Assigned task: Scan the entries for lines with "ereal" and say how many there are, with nothing more.

Dataset extract:
(* Let $\alpha\in\ell^2$. The following are equivalent: (i) $R_\alpha$ is a compact operator on $\ell^2$; (ii) $\mathcal{L}:=\lim_{n\to\infty}L([n,\infty))=0$; (iii) for every $\epsilon>0$, the associated $(\epsilon,L)$-sequence has finite length.
   Context: $\mathbb{N}=\{0,1,2,\dots\}$; $(R_\alpha f)(k)=\alpha_k\sum_{j=0}^kf(j)$. For a finite natural interval $I$: $\mu(I)=\sum_{k\in I}|\alpha_k|^2$, $\|f\|_{2,I}=(\sum_{k\in I}|f(k)|^2)^{1/2}$, $l(I,f)=\sum_{k\in I}\sum_{n\in I\setminus\{k\}}|\alpha_k\alpha_n\sum_{j=\min(k,n)+1}^{\max(k,n)}f(j)|^2$, $L(I)=(\sup_{\|f\|_{2,I}\le1}l(I,f)/\mu(I))^{1/2}$ (sup over $f$ supported in $I$; $L(I)=0$ if $\alpha$ vanishes on $I$); $L([a,\infty))=\sup_{b\ge a}L([a,b])$ (so $\mathcal L\in[0,\infty]$ is the limit of a nonincreasing sequence). $(\epsilon,L)$-sequence: $c_0=0$, $c_{k+1}=\inf\{t\in\mathbb{N}:t>c_k,\ L([c_k,t-1])>\epsilon\}$ ($\inf\emptyset=+\infty$); it has finite length $N$ if $c_N<\infty$ and $c_{N+1}=+\infty$. *)

theory Defs
  imports "HOL-Analysis.Analysis" "HOL-Library.Extended_Nat" "HOL-Library.Extended_Real"
begin

definition in_l2 :: "(nat \<Rightarrow> complex) \<Rightarrow> bool" where
  "in_l2 f \<longleftrightarrow> summable (\<lambda>k. (cmod (f k))^2)"

definition l2_norm :: "(nat \<Rightarrow> complex) \<Rightarrow> real" where
  "l2_norm f = sqrt (\<Sum>k. (cmod (f k))^2)"

text \<open>Compact (linear) operator on l2: maps l2 into l2 and every bounded sequence
  in l2 is mapped to a sequence having an l2-norm convergent subsequence
  (i.e. images of bounded sets are relatively compact).\<close>
definition compact_op_l2 :: "((nat \<Rightarrow> complex) \<Rightarrow> (nat \<Rightarrow> complex)) \<Rightarrow> bool" where
  "compact_op_l2 T \<longleftrightarrow>
     (\<forall>f. in_l2 f \<longrightarrow> in_l2 (T f)) \<and>
     (\<forall>u :: nat \<Rightarrow> nat \<Rightarrow> complex. (\<forall>n. in_l2 (u n)) \<and> (\<exists>B. \<forall>n. l2_norm (u n) \<le> B) \<longrightarrow>
        (\<exists>r g. strict_mono r \<and> in_l2 g \<and>
               (\<lambda>n. l2_norm (\<lambda>k. T (u (r n)) k - g k)) \<longlonglongrightarrow> 0))"

definition R_op :: "(nat \<Rightarrow> complex) \<Rightarrow> (nat \<Rightarrow> complex) \<Rightarrow> (nat \<Rightarrow> complex)" where
  "R_op \<alpha> f = (\<lambda>k. \<alpha> k * (\<Sum>j\<le>k. f j))"

definition mu :: "(nat \<Rightarrow> complex) \<Rightarrow> nat \<Rightarrow> nat \<Rightarrow> real" where
  "mu \<alpha> a b = (\<Sum>k\<in>{a..b}. (cmod (\<alpha> k))^2)"

definition norm2I :: "nat \<Rightarrow> nat \<Rightarrow> (nat \<Rightarrow> complex) \<Rightarrow> real" where
  "norm2I a b f = sqrt (\<Sum>k\<in>{a..b}. (cmod (f k))^2)"

definition lI :: "(nat \<Rightarrow> complex) \<Rightarrow> nat \<Rightarrow> nat \<Rightarrow> (nat \<Rightarrow> complex) \<Rightarrow> real" where
  "lI \<alpha> a b f = (\<Sum>k\<in>{a..b}. \<Sum>n\<in>{a..b} - {k}.
      (cmod (\<alpha> k * \<alpha> n * (\<Sum>j\<in>{min k n + 1..max k n}. f j)))^2)"

definition LI :: "(nat \<Rightarrow> complex) \<Rightarrow> nat \<Rightarrow> nat \<Rightarrow> real" where
  "LI \<alpha> a b = (if (\<forall>k\<in>{a..b}. \<alpha> k = 0) then 0 else
      sqrt (Sup {lI \<alpha> a b f / mu \<alpha> a b | f. (\<forall>k. k \<notin> {a..b} \<longrightarrow> f k = 0) \<and> norm2I a b f \<le> 1}))"

definition Ltail :: "(nat \<Rightarrow> complex) \<Rightarrow> nat \<Rightarrow> ereal" where
  "Ltail \<alpha> a = (SUP b\<in>{a..}. ereal (LI \<alpha> a b))"

text \<open>The (\<epsilon>,L)-sequence, with values in nat \<union> {\<infinity>} (inf of empty set = \<infinity>).\<close>
primrec eps_L_seq :: "(nat \<Rightarrow> complex) \<Rightarrow> real \<Rightarrow> nat \<Rightarrow> enat" where
  "eps_L_seq \<alpha> \<epsilon> 0 = 0"
| "eps_L_seq \<alpha> \<epsilon> (Suc k) =
     (case eps_L_seq \<alpha> \<epsilon> k of
        \<infinity> \<Rightarrow> \<infinity>
      | enat c \<Rightarrow> (if (\<exists>t. c < t \<and> LI \<alpha> c (t - 1) > \<epsilon>)
                   then enat (LEAST t. c < t \<and> LI \<alpha> c (t - 1) > \<epsilon>) else \<infinity>))"

definition finite_length :: "(nat \<Rightarrow> complex) \<Rightarrow> real \<Rightarrow> bool" where
  "finite_length \<alpha> \<epsilon> \<longleftrightarrow> (\<exists>N. eps_L_seq \<alpha> \<epsilon> N \<noteq> \<infinity> \<and> eps_L_seq \<alpha> \<epsilon> (Suc N) = \<infinity>)"

end

theory Submission
  imports Defs "HOL-Library.Diagonal_Subsequence"
begin

text \<open>All three conditions are equivalent to the vanishing Hardy condition
  \<open>(n+1) \<Sum>\<^sub>m\<^sub>\<ge>\<^sub>n |\<alpha>\<^sub>m|\<^sup>2 \<rightarrow> 0\<close>.  The weighted discrete Hardy inequality
  \<open>\<Sum>\<^sub>n w\<^sub>n |\<Sum>\<^sub>j\<^sub>\<le>\<^sub>n h\<^sub>j|\<^sup>2 \<le> 4A \<Sum>\<^sub>j |h\<^sub>j|\<^sup>2\<close>, valid whenever \<open>(n+1) \<Sum>\<^sub>m\<^sub>\<ge>\<^sub>n w\<^sub>m \<le> A\<close>,
  bounds the upper triangular half of \<open>l(I,f)\<close> and so makes \<open>L\<close> uniformly small on far
  intervals; conversely, testing \<open>L\<close> with \<open>p\<^sup>-\<^sup>1\<^sup>/\<^sup>2\<close> on \<open>(p,2p]\<close> recovers the Hardy condition.
  The \<open>(\<epsilon>,L)\<close>-sequence has finite length as soon as \<open>L \<le> \<epsilon>\<close> on all intervals beyond
  some point, and once it stops at \<open>c\<close> we have \<open>L([c,b]) \<le> \<epsilon>\<close> for all \<open>b \<ge> c\<close>.
  For compactness, the Hardy inequality on tails shows that \<open>R\<^sub>\<alpha>\<close> maps bounded coordinatewise
  null sequences to norm null ones (and a diagonal subsequence is coordinatewise convergent),
  while the unit vectors \<open>(n+1)\<^sup>-\<^sup>1\<^sup>/\<^sup>2 \<one>\<^sub>[\<^sub>0\<^sub>,\<^sub>n\<^sub>]\<close> are mapped to vectors whose mass beyond \<open>n\<close>
  is \<open>(n+1) \<Sum>\<^sub>m\<^sub>\<ge>\<^sub>n |\<alpha>\<^sub>m|\<^sup>2\<close>.\<close>

subsection \<open>A weighted discrete Hardy inequality\<close>

lemma sum_inverse_sqrt_le: "(\<Sum>j\<le>n. 1 / sqrt (real j + 1)) \<le> 2 * sqrt (real n + 1)"
proof (induction n)
  case 0
  then show ?case by simp
next
  case (Suc n)
  define a where "a = sqrt (real n + 1)"
  define b where "b = sqrt (real n + 2)"
  have "a \<le> b" "b > 0" "a * a = real n + 1" "b * b = real n + 2"
    unfolding a_def b_def by auto
  have "(b - a) * (b + a) \<le> (b - a) * (2 * b)"
    using \<open>a \<le> b\<close> by (intro mult_left_mono) auto
  moreover have "(b - a) * (b + a) = 1"
    using \<open>a * a = real n + 1\<close> \<open>b * b = real n + 2\<close> by (simp add: algebra_simps)
  ultimately have "1 / b \<le> 2 * b - 2 * a"
    using \<open>b > 0\<close> by (simp add: field_simps)
  moreover have "sqrt (real (Suc n) + 1) = b"
    unfolding b_def by (simp add: add.commute)
  ultimately show ?case
    using Suc.IH unfolding a_def by (simp add: add.commute)
qed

Response: 2